Hindsight adds Firefox support!

A new Hindsight release is here! v2026.06 includes:

  • Support for parsing Mozilla Firefox artifacts! This is the first non-Chromium-based browser supported by Hindsight
  • Parsing Service Worker-related data
  • Enhanced extension handling (reworked XLSX tab and more parsed info)
  • Better downloads parsing (more columns and reading shared_proto_db)

There's also many other smaller changes and fixes; check out the complete release notes for more details. Read on for more details on the new features!

Firefox Support

Hindsight can now parse artifacts from Mozilla Firefox! This brings Hindsight closer to being a comprehensive browser forensics tool. I would like to thank Steven R. Schiavone of the Westchester County District Attorney's Office for contributing this to Hindsight; it's wonderful to have users contribute new features to the tool.

Parsed artifacts from all browser profiles are merged into a single "Timeline" tab in the XLSX output, letting investigators more easily see cross-browser user activity. This is similar to how Hindsight previously handled parsing multiple Chrome profiles; now it's expanded to multiple browsers!

Artifacts with similar functions are labeled with the same row type (url, cookie (created), autofill, and so on) to enable investigators to easily scan or filter cross-browser.

Service Workers

Service workers do a lot in modern browsers, including caching, syncing, push notifications, letting (some) sites work offline, and enabling browser extensions (see next section). I haven't seen much (any?) research on them from a forensics and parsing perspective, so it was a fun side project to dive into these a bit more.

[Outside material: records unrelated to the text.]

lemma contracted_second_bianchi:
  fixes \<Gamma> :: "'n::finite tensor3"
  assumes Gsym: "\<And>a c b. \<Gamma> a c b = \<Gamma> a b c"
    and ddsym: "\<And>e f a c b. dd\<Gamma> e f a c b = dd\<Gamma> f e a c b"
  shows "nabla2 \<Gamma> (ric \<Gamma> d\<Gamma>) (dric \<Gamma> d\<Gamma> dd\<Gamma>) e b d + (\<Sum>a\<in>UNIV. nabla_riem \<Gamma> d\<Gamma> dd\<Gamma> a a b d e)
       - nabla2 \<Gamma> (ric \<Gamma> d\<Gamma>) (dric \<Gamma> d\<Gamma> dd\<Gamma>) d b e = 0"
proof -
  have "\<And>a. nabla_riem \<Gamma> d\<Gamma> dd\<Gamma> e a b a d + nabla_riem \<Gamma> d\<Gamma> dd\<Gamma> a a b d e + nabla_riem \<Gamma> d\<Gamma> dd\<Gamma> d a b e a = 0"
    by (rule second_bianchi[OF Gsym ddsym])
  then have "(\<Sum>a\<in>UNIV. nabla_riem \<Gamma> d\<Gamma> dd\<Gamma> e a b a d) + (\<Sum>a\<in>UNIV. nabla_riem \<Gamma> d\<Gamma> dd\<Gamma> a a b d e)
     + (\<Sum>a\<in>UNIV. nabla_riem \<Gamma> d\<Gamma> dd\<Gamma> d a b e a) = 0"
    by (simp add: sum.distrib[symmetric])
  moreover have "(\<Sum>a\<in>UNIV. nabla_riem \<Gamma> d\<Gamma> dd\<Gamma> d a b e a) = - (\<Sum>a\<in>UNIV. nabla_riem \<Gamma> d\<Gamma> dd\<Gamma> d a b a e)"
    by (simp add: sum_negf[symmetric] nabla_riem_antisym[of \<Gamma> d\<Gamma> dd\<Gamma> d _ b e])
  ultimately show ?thesis using contract_nabla_riem[of \<Gamma> d\<Gamma> dd\<Gamma> e b d] contract_nabla_riem[of \<Gamma> d\<Gamma> dd\<Gamma> d b e]
    by simp
qed

lemma contracted_bianchi:
  fixes H :: "'n::finite tensor2" and dH :: "'n tensor3" and \<Gamma> :: "'n tensor3" and d\<Gamma> :: "'n tensor4" and dd\<Gamma> :: "'n tensor5"
  defines "R \<equiv> riem \<Gamma> d\<Gamma>" and "dR \<equiv> driem \<Gamma> d\<Gamma> dd\<Gamma>" and "Ric \<equiv> ric \<Gamma> d\<Gamma>" and "dRic \<equiv> dric \<Gamma> d\<Gamma> dd\<Gamma>"
  assumes Gsym: "\<And>a c b. \<Gamma> a c b = \<Gamma> a b c"
    and ddsym: "\<And>e f a c b. dd\<Gamma> e f a c b = dd\<Gamma> f e a c b"
    and Hsym: "\<And>a b. H a b = H b a"
    and K: "\<And>a' e. (\<Sum>b\<in>UNIV. \<Sum>d\<in>UNIV. H b d * R a' b d e) + (\<Sum>h\<in>UNIV. H a' h * Ric h e) = 0"
    and dK: "\<And>a a' e. (\<Sum>b\<in>UNIV. \<Sum>d\<in>UNIV. dH a b d * R a' b d e + H b d * dR a a' b d e)
           + (\<Sum>h\<in>UNIV. dH a a' h * Ric h e + H a' h * dRic a h e) = 0"
    and dH: "\<And>e b d. dH e b d = - (\<Sum>p\<in>UNIV. H b p * \<Gamma> d e p + \<Gamma> b e p * H p d)"
  shows "(\<Sum>b\<in>UNIV. \<Sum>d\<in>UNIV. H b d * nabla2 \<Gamma> Ric dRic d b e)
       = (1/2) * (\<Sum>b\<in>UNIV. \<Sum>d\<in>UNIV. dH e b d * Ric b d + H b d * dRic e b d)"
proof -
  have star: "nabla2 \<Gamma> Ric dRic e b d + (\<Sum>a\<in>UNIV. nabla_riem \<Gamma> d\<Gamma> dd\<Gamma> a a b d e) - nabla2 \<Gamma> Ric dRic d b e = 0"
    for b d
    unfolding Ric_def dRic_def by (rule contracted_second_bianchi[OF Gsym ddsym])
  define S1 where "S1 = (\<Sum>b\<in>UNIV. \<Sum>d\<in>UNIV. H b d * nabla2 \<Gamma> Ric dRic e b d)"
  define S2 where "S2 = (\<Sum>b\<in>UNIV. \<Sum>d\<in>UNIV. H b d * (\<Sum>a\<in>UNIV. nabla_riem \<Gamma> d\<Gamma> dd\<Gamma> a a b d e))"
  define S3 where "S3 = (\<Sum>b\<in>UNIV. \<Sum>d\<in>UNIV. H b d * nabla2 \<Gamma> Ric dRic d b e)"
  have "S1 + S2 - S3 = (\<Sum>b\<in>UNIV. \<Sum>d\<in>UNIV. H b d * (nabla2 \<Gamma> Ric dRic e b d + (\<Sum>a\<in>UNIV. nabla_riem \<Gamma> d\<Gamma> dd\<Gamma> a a b d e) - nabla2 \<Gamma> Ric dRic d b e))"
    unfolding S1_def S2_def S3_def by (simp add: sum.distrib sum_subtractf algebra_simps)
  also have "\<dots> = 0" using star by simp
  finally have 0: "S1 + S2 - S3 = 0" .
  have S1: "S1 = (\<Sum>b\<in>UNIV. \<Sum>d\<in>UNIV. dH e b d * Ric b d + H b d * dRic e b d)"
    unfolding S1_def using deriv_trace_eq_trace_nabla2[where dH=dH and H=H and \<Gamma>=\<Gamma> and T=Ric and dT=dRic and e=e, OF dH] by simp
  have "S2 = (\<Sum>a\<in>UNIV. \<Sum>b\<in>UNIV. \<Sum>d\<in>UNIV. H b d * nabla_riem \<Gamma> d\<Gamma> dd\<Gamma> a a b d e)"
    unfolding S2_def sum_distrib_left by (subst sum_rotate3) simp
  also have "\<dots> = (\<Sum>a\<in>UNIV. - (\<Sum>h\<in>UNIV. H a h * nabla2 \<Gamma> Ric dRic a h e))"
    using ginv_trace_nabla_riem[OF K[unfolded R_def Ric_def] dK[unfolded R_def Ric_def dR_def dRic_def] dH]
    unfolding Ric_def dRic_def by simp
  also have "\<dots> = - S3"
  proof -
    have "(\<Sum>a\<in>UNIV. \<Sum>h\<in>UNIV. H a h * nabla2 \<Gamma> Ric dRic a h e) = (\<Sum>h\<in>UNIV. \<Sum>a\<in>UNIV. H h a * nabla2 \<Gamma> Ric dRic a h e)"
      by (subst sum.swap) (simp add: Hsym)
    then show ?thesis unfolding S3_def by (simp add: sum_negf)
  qed
  finally have "S2 = - S3" .
  then show ?thesis using 0 S1 unfolding S3_def by simp
qed

definition hess_jet :: "'n::finite tensor3 \<Rightarrow> ('n \<Rightarrow> real) \<Rightarrow> 'n tensor2 \<Rightarrow> 'n \<Rightarrow> 'n \<Rightarrow> real" where
  "hess_jet \<Gamma> f1 f2 i j = f2 i j - (\<Sum>p\<in>UNIV. \<Gamma> p i j * f1 p)"

definition dhess_jet :: "'n::finite tensor3 \<Rightarrow> 'n tensor4 \<Rightarrow> ('n \<Rightarrow> real) \<Rightarrow> 'n tensor2 \<Rightarrow> 'n tensor3 \<Rightarrow> 'n \<Rightarrow> 'n \<Rightarrow> 'n \<Rightarrow> real" where
  "dhess_jet \<Gamma> d\<Gamma> f1 f2 f3 k i j = f3 k i j - (\<Sum>p\<in>UNIV. d\<Gamma> k p i j * f1 p + \<Gamma> p i j * f2 k p)"

lemma ricci_identity:
  fixes \<Gamma> :: "'n::finite tensor3"
  assumes Gsym: "\<And>a c b. \<Gamma> a c b = \<Gamma> a b c"
    and f3sym: "\<And>k j i. f3 k j i = f3 j k i"
  shows "nabla2 \<Gamma> (hess_jet \<Gamma> f1 f2) (dhess_jet \<Gamma> d\<Gamma> f1 f2 f3) k j i - nabla2 \<Gamma> (hess_jet \<Gamma> f1 f2) (dhess_jet \<Gamma> d\<Gamma> f1 f2 f3) j k i
       = - (\<Sum>q\<in>UNIV. f1 q * riem \<Gamma> d\<Gamma> q i k j)"
proof -
  have g1: "\<And>p. \<Gamma> p j k = \<Gamma> p k j" using Gsym by auto
  have sw1: "(\<Sum>p\<in>UNIV. \<Sum>q\<in>UNIV. \<Gamma> p k i * \<Gamma> q j p * f1 q) = (\<Sum>q\<in>UNIV. \<Sum>p\<in>UNIV. f1 q * \<Gamma> q j p * \<Gamma> p k i)"
    by (subst sum.swap) (simp add: mult_ac)
  have sw2: "(\<Sum>p\<in>UNIV. \<Sum>q\<in>UNIV. \<Gamma> p j i * \<Gamma> q k p * f1 q) = (\<Sum>q\<in>UNIV. \<Sum>p\<in>UNIV. f1 q * \<Gamma> q k p * \<Gamma> p j i)"
    by (subst sum.swap) (simp add: mult_ac)
  show ?thesis
    unfolding nabla2_def hess_jet_def dhess_jet_def riem_def
    using sw1 sw2
    by (simp add: f3sym[of k j i] g1 sum.distrib sum_subtractf sum_distrib_left sum_distrib_right algebra_simps)
qed
lemma rtranclp_map:
  assumes "\<And>p q. R p q \<Longrightarrow> S\<^sup>*\<^sup>* (f p) (f q)" and "R\<^sup>*\<^sup>* a b"
  shows "S\<^sup>*\<^sup>* (f a) (f b)"
  using assms(2)
proof (induction rule: rtranclp_induct)
  case base then show ?case by simp
next
  case (step y z) then show ?case using assms(1) by (meson rtranclp_trans)
qed

lemma reachable_if_edges_reachable:
  assumes "\<And>x y. {x, y} \<in> E \<Longrightarrow> reachable F x y" and "reachable E a b"
  shows "reachable F a b"
  using rtranclp_map[where f = id, OF _ assms(2)] assms(1) by (simp add: adj_def)

lemma connected_graph_if_edges_reachable:
  assumes "connected_graph V E" and "\<And>x y. {x, y} \<in> E \<Longrightarrow> reachable F x y"
  shows "connected_graph V F"
  using assms reachable_if_edges_reachable by (metis connected_graph_def)

lemma reachable_delete_non_bridge:
  assumes "reachable F a b" and "reachable (F - {{x, y}}) x y"
  shows "reachable (F - {{x, y}}) a b"
proof (rule reachable_if_edges_reachable[OF _ assms(1)])
  fix p q assume "{p, q} \<in> F"
  show "reachable (F - {{x, y}}) p q"
  proof (cases "{p, q} = {x, y}")
    case True with assms(2) show ?thesis by (rule reachable_doubleton)
  next
    case False with \<open>{p, q} \<in> F\<close> show ?thesis by (simp add: reachable_edge)
  qed
qed

text \<open>Collapsing l onto u maps every walk to a walk avoiding the edge l u.\<close>

lemma reachable_delete_pendant_edge:
  assumes pendant: "\<forall>x. {l, x} \<in> F \<longrightarrow> x = u"
    and "reachable F p q" and "p \<noteq> l" and "q \<noteq> l"
  shows "reachable (F - {{l, u}}) p q"
proof -
  define f where "f x = (if x = l then u else x)" for x
  have "reachable (F - {{l, u}}) (f x) (f y)" if "adj F x y" for x y
  proof (cases "{x, y} = {l, u}")
    case True
    then have "f x = f y" by (auto simp: f_def doubleton_eq_iff)
    then show ?thesis by simp
  next
    case False
    moreover have "{x, y} \<in> F" using that by (simp add: adj_def)
    moreover from this have "x \<noteq> l" "y \<noteq> l"
      using False pendant by (metis insert_commute)+
    ultimately show ?thesis by (simp add: f_def reachable_edge)
  qed
  from rtranclp_map[where f = f, OF this assms(2)] show ?thesis
    using assms(3,4) by (simp add: f_def)
qed

lemma rtrancl_path_avoids_edge:
  assumes "rtrancl_path (adj F) x ps y" and "v \<notin> set ps"
    and "x = v \<Longrightarrow> ps \<noteq> [] \<Longrightarrow> hd ps \<noteq> w"
  shows "reachable (F - {{v, w}}) x y"
  using assms
proof (induction rule: rtrancl_path.induct)
  case (base x) then show ?case by simp
next
  case (step x y ys z)
  have "reachable (F - {{v, w}}) y z" using step.prems by (intro step.IH) auto
  moreover have "{x, y} \<noteq> {v, w}" using step.prems by (auto simp: doubleton_eq_iff)
  then have "adj (F - {{v, w}}) x y" using step.hyps(1) by (simp add: adj_def)
  ultimately show ?case by (meson converse_rtranclp_into_rtranclp)
qed

text \<open>The first edge of a simple walk from v to u misses one of two distinct edges at v.\<close>

lemma reachable_delete_one_of_two_edges:
  assumes "reachable F v u" and "v \<noteq> u" and "w\<^sub>1 \<noteq> w\<^sub>2"
    and "{v, w\<^sub>1} \<in> F" and "{v, w\<^sub>2} \<in> F"
  shows "\<exists>w. {v, w} \<in> F \<and> reachable (F - {{v, w}}) v u"
proof -
  obtain ps where "rtrancl_path (adj F) v ps u"
    using assms(1) rtranclp_eq_rtrancl_path by metis
  then obtain ps' where path: "rtrancl_path (adj F) v ps' u" and "distinct (v # ps')"
    using rtrancl_path_distinct by metis
  then have "v \<notin> set ps'" by simp
  obtain w where "w \<in> {w\<^sub>1, w\<^sub>2}" and "ps' \<noteq> [] \<Longrightarrow> hd ps' \<noteq> w"
    using assms(3) by blast
  then show ?thesis
    using rtrancl_path_avoids_edge[OF path \<open>v \<notin> set ps'\<close>] assms(4,5) by blast
qed

section \<open>Cycles\<close>

lemma cycle_edges_subset: "is_cycle_list F xs \<Longrightarrow> cycle_edges xs \<subseteq> F"
  by (auto simp: is_cycle_list_def cycle_edges_def)

lemma is_cycle_list_mono: "is_cycle_list F xs \<Longrightarrow> cycle_edges xs \<subseteq> G \<Longrightarrow> is_cycle_list G xs"
  by (auto simp: is_cycle_list_def cycle_edges_def)

lemma cycle_edge_vertex:
  assumes "g \<in> cycle_edges xs" and "x \<in> g"
  shows "x \<in> set xs"
proof -
  obtain i where i: "i < length xs" "g = {xs ! i, xs ! ((i + 1) mod length xs)}"
    using assms(1) by (auto simp: cycle_edges_def)
  then have "(i + 1) mod length xs < length xs" by (intro mod_less_divisor) auto
  then show ?thesis using i assms(2) by auto
qed
lemma cP_mediator_factorizes:
  "AE \<omega> in M. cP (\<lambda>w. F (Yp True True w, Yp True False w, Yp False True w, Yp False False w)
                        \<and> G (Mp True w, Mp False w)) \<omega>
     = cP (\<lambda>w. F (Yp True True w, Yp True False w, Yp False True w, Yp False False w)) \<omega>
       * cP (\<lambda>w. G (Mp True w, Mp False w)) \<omega>"
  using cond_indep_ev_conj[OF mediator_indep] .

text \<open>Within the arm \<open>A = a\<close>, consistency turns the observed events into events of the
  potential outcomes, and (A3) lets the factor \<open>P(A = a | X)\<close> cancel.\<close>

lemma cprob_given_arm:
  assumes "\<And>w. w \<in> space M \<Longrightarrow> A w = a \<Longrightarrow> E w \<and> B w \<longleftrightarrow> R (potential w)"
    and "\<And>w. w \<in> space M \<Longrightarrow> A w = a \<Longrightarrow> B w \<longleftrightarrow> Q (potential w)"
    and "AE \<omega> in M. cP (\<lambda>w. A w = a) \<omega> \<noteq> 0"
  shows "AE \<omega> in M. cprob_given M X (ev M E) (ev M (\<lambda>w. A w = a \<and> B w)) \<omega>
           = cP (\<lambda>w. R (potential w)) \<omega> / cP (\<lambda>w. Q (potential w)) \<omega>"
proof -
  have events: "ev M E \<inter> ev M (\<lambda>w. A w = a \<and> B w) = ev M (\<lambda>w. A w = a \<and> R (potential w))"
      "ev M (\<lambda>w. A w = a \<and> B w) = ev M (\<lambda>w. A w = a \<and> Q (potential w))"
    using assms(1,2) by (auto simp: ev_def)
  from cP_arm_factorizes[of a R] cP_arm_factorizes[of a Q] assms(3) show ?thesis
    unfolding cprob_given_def events(1) unfolding events(2) by eventually_elim simp
qed

lemma cprob_given_arm_only:
  assumes "\<And>w. w \<in> space M \<Longrightarrow> A w = a \<Longrightarrow> E w \<longleftrightarrow> R (potential w)"
    and "AE \<omega> in M. cP (\<lambda>w. A w = a) \<omega> \<noteq> 0"
  shows "AE \<omega> in M. cprob_given M X (ev M E) (ev M (\<lambda>w. A w = a)) \<omega> = cP (\<lambda>w. R (potential w)) \<omega>"
proof -
  have "ev M (\<lambda>w. True) = space M"
    by (simp add: ev_def)
  with cprob_given_arm[of a E "\<lambda>_. True" R "\<lambda>_. True"] assms cprob_space[OF meas_X] show ?thesis
    by auto
qed

lemma cP_treated_mediator:
  "AE \<omega> in M. cP (\<lambda>w. A w \<and> Mo w) \<omega> = cP A \<omega> * cP (Mp True) \<omega>"
proof -
  have "ev M (\<lambda>w. A w \<and> Mo w) = ev M (\<lambda>w. A w \<and> Mp True w)"
    by (rule ev_cong) (auto simp: observed_eq_potential)
  then show ?thesis
    using cP_arm_factorizes[of True "\<lambda>(_, _, _, _, m1, _). m1"] by simp
qed

lemma cP_treated_no_mediator:
  "AE \<omega> in M. cP (\<lambda>w. A w \<and> \<not> Mo w) \<omega> = cP A \<omega> * cP (\<lambda>w. \<not> Mp True w) \<omega>"
proof -
  have "ev M (\<lambda>w. A w \<and> \<not> Mo w) = ev M (\<lambda>w. A w \<and> \<not> Mp True w)"
    by (rule ev_cong) (auto simp: observed_eq_potential)
  then show ?thesis
    using cP_arm_factorizes[of True "\<lambda>(_, _, _, _, m1, _). \<not> m1"] by simp
qed

lemma cP_untreated_mediator:
  "AE \<omega> in M. cP (\<lambda>w. \<not> A w \<and> Mo w) \<omega> = cP (\<lambda>w. \<not> A w) \<omega> * cP (Mp False) \<omega>"
proof -
  have "ev M (\<lambda>w. \<not> A w \<and> Mo w) = ev M (\<lambda>w. \<not> A w \<and> Mp False w)"
    by (rule ev_cong) (auto simp: observed_eq_potential)
  then show ?thesis
    using cP_arm_factorizes[of False "\<lambda>(_, _, _, _, _, m0). m0"] by simp
qed

text \<open>By monotonicity, \<open>Y(1,M(0)) = 0\<close> and \<open>Y(1,M(1)) = 1\<close> hold exactly for the units with
  \<open>M(1) = 1, M(0) = 0, Y(1,1) = 1, Y(1,0) = 0\<close>, and these also have \<open>Y(0,M(0)) = 0\<close>.\<close>

lemma indirect_causation_eq:
  "cprob_given M X
     (ev M (\<lambda>w. \<not> Yp True (Mp False w) w \<and> \<not> Yp False (Mp False w) w))
     (ev M (\<lambda>w. Yp True (Mp True w) w)) \<omega>
   = cP (\<lambda>w. (Yp True True w \<and> \<not> Yp True False w) \<and> (Mp True w \<and> \<not> Mp False w)) \<omega> / cP Y1 \<omega>"
proof -
  have "ev M (\<lambda>w. \<not> Yp True (Mp False w) w \<and> \<not> Yp False (Mp False w) w) \<inter> ev M Y1
      = ev M (\<lambda>w. (Yp True True w \<and> \<not> Yp True False w) \<and> (Mp True w \<and> \<not> Mp False w))"
    unfolding ev_conj Y1_def
    by (rule ev_cong) (use monotone in \<open>auto simp: Yp_Mp_cases\<close>)
  moreover have "ev M (\<lambda>w. Yp True (Mp True w) w) = ev M Y1"
    by (simp add: Y1_def[abs_def])
  ultimately show ?thesis
    unfolding cprob_given_def by simp
qed

lemma direct_causation_eq:
  "cprob_given M X
     (ev M (\<lambda>w. Yp True (Mp False w) w \<and> \<not> Yp False (Mp False w) w))
     (ev M (\<lambda>w. Yp True (Mp True w) w)) \<omega>
   = cP (\<lambda>w. Y1M0 w \<and> \<not> Y0 w) \<omega> / cP Y1 \<omega>"
proof -
  have "ev M (\<lambda>w. Yp True (Mp False w) w \<and> \<not> Yp False (Mp False w) w) \<inter> ev M Y1
      = ev M (\<lambda>w. Y1M0 w \<and> \<not> Y0 w)"
    unfolding ev_conj Y1_def Y0_def Y1M0_def
    by (rule ev_cong) (use monotone in \<open>auto simp: Yp_Mp_cases\<close>)
  moreover have "ev M (\<lambda>w. Yp True (Mp True w) w) = ev M Y1"
    by (simp add: Y1_def[abs_def])
  ultimately show ?thesis
    unfolding cprob_given_def by simp
qed

lemma cP_Y11_split:
  "AE \<omega> in M. cP (Yp True True) \<omega>
     = cP (\<lambda>w. Yp True True w \<and> \<not> Yp True False w) \<omega> + cP (Yp True False) \<omega>"
  by (rule cP_disjoint, measurable, measurable) (use monotone in auto)

lemma cP_M1_split:
  "AE \<omega> in M. cP (Mp True) \<omega> = cP (\<lambda>w. Mp True w \<and> \<not> Mp False w) \<omega> + cP (Mp False) \<omega>"
  by (rule cP_disjoint, measurable, measurable) (use monotone in auto)

lemma cP_Y1_split:
  "AE \<omega> in M. cP Y1 \<omega>
     = cP (\<lambda>w. (Yp True True w \<and> \<not> Yp True False w) \<and> (Mp True w \<and> \<not> Mp False w)) \<omega>
       + cP Y1M0 \<omega>"
  by (rule cP_disjoint, measurable, measurable)
    (use monotone in \<open>auto simp: Y1_def Y1M0_def Yp_Mp_cases\<close>)

lemma cP_complier_effect_factorizes:
  "AE \<omega> in M. cP (\<lambda>w. (Yp True True w \<and> \<not> Yp True False w) \<and> (Mp True w \<and> \<not> Mp False w)) \<omega>
     = cP (\<lambda>w. Yp True True w \<and> \<not> Yp True False w) \<omega> * cP (\<lambda>w. Mp True w \<and> \<not> Mp False w) \<omega>"
  using cP_mediator_factorizes[of "\<lambda>(y11, y10, _, _). y11 \<and> \<not> y10" "\<lambda>(m1, m0). m1 \<and> \<not> m0"]
  by simp

lemma cP_Y1M0_split: "AE \<omega> in M. cP Y1M0 \<omega> = cP (\<lambda>w. Y1M0 w \<and> \<not> Y0 w) \<omega> + cP Y0 \<omega>"
  by (rule cP_disjoint, measurable, measurable)
    (use monotone in \<open>auto simp: Y0_def Y1M0_def Yp_Mp_cases\<close>)

lemma cP_Y1_lower_bound: "AE \<omega> in M. cP Y1 \<omega> \<ge> cP (Yp True True) \<omega> * cP (Mp True) \<omega>"
proof -
  have "AE \<omega> in M. cP Y1 \<omega>
      = cP (\<lambda>w. Yp True True w \<and> Mp True w) \<omega> + cP (\<lambda>w. Yp True False w \<and> \<not> Mp True w) \<omega>"
    by (rule cP_disjoint, measurable, measurable) (auto simp: Y1_def Yp_Mp_cases)
  moreover have "AE \<omega> in M. cP (\<lambda>w. Yp True False w \<and> \<not> Mp True w) \<omega> \<ge> 0"
    by (rule cP_nonneg) measurable
  ultimately show ?thesis
    using cP_mediator_factorizes[of "\<lambda>(y11, _, _, _). y11" "\<lambda>(m1, _). m1"]
    by eventually_elim simp
qed

end

locale positive_mediation_model = mediation_model +
  assumes pos_treated_mediator: "AE \<omega> in M. cP (\<lambda>w. A w \<and> Mo w) \<omega> > 0"
    and pos_treated_no_mediator: "AE \<omega> in M. cP (\<lambda>w. A w \<and> \<not> Mo w) \<omega> > 0"
    and pos_untreated_mediator: "AE \<omega> in M. cP (\<lambda>w. \<not> A w \<and> Mo w) \<omega> > 0"
    and pos_outcome: "AE \<omega> in M. cprob_given M X (ev M Y) (ev M (\<lambda>w. A w \<and> Mo w)) \<omega> > 0"
begin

There's a new "Service Workers" tab in the XLSX output that shows the new data; it's organized in a hierarchy, starting with the origin (it's all extension origins in the screenshot, but doesn't have to be), then the registration, and finally any resources. This is all parsed from a Service Workers\Database LevelDB, so we can get some historical (and deleted) records as well (all the light gray rows in the screenshot).

Enhanced Extension Handling

Extensions also got a refresh. The "Extensions" tab is now hierarchical as well, showing the extension name, ID, and install-related information as a top row, then permissions and any scripts or grants nested below it:

More Information on Downloads

There have been some new fields added to the downloads table in the History database in the past few years. Below is the list of new columns being parsed, along with the Chrome version they were introduced:

  • referrer (v29),
  • by_ext_id & by_ext_name (v30)
  • mime_type & original_mime_type (v37)
  • guid, hash , http_method, site_url, tab_url, tab_referrer_url (v51)
  • last_access_time, transient (v59)
  • by_web_app_id (v115)
  • url_chain : the redirect chain from downloads_url_chains is now collapsed into one entry per download (final hop is the download URL) instead of one row per hop

Hindsight now also parses the shared_proto_db, which has some unique fields not present in the History DB:

  • download_source (how the download was triggered, from download_pb.DownloadSource)
  • request_headers
  • fetched_via_service_worker
  • storage_partition

Not every download is recorded in both places, but some are. The shared_proto_db has internal things (like downloading extensions from the Web Store, and downloads made via internal APIs) that aren't present in the History downloads table.

Lastly, Hindsight now adds a download (opened) row with the last_access_time timestamp if the user opened the download via the browser.

Get Hindsight!

You can get Hindsight, view the code, and see the full change log on GitHub. Both the command line and web UI versions of this release are available as:

  • compiled binaries attached to the GitHub release
  • .py versions are available by pip install pyhindsight or downloading/cloning the GitHub repo.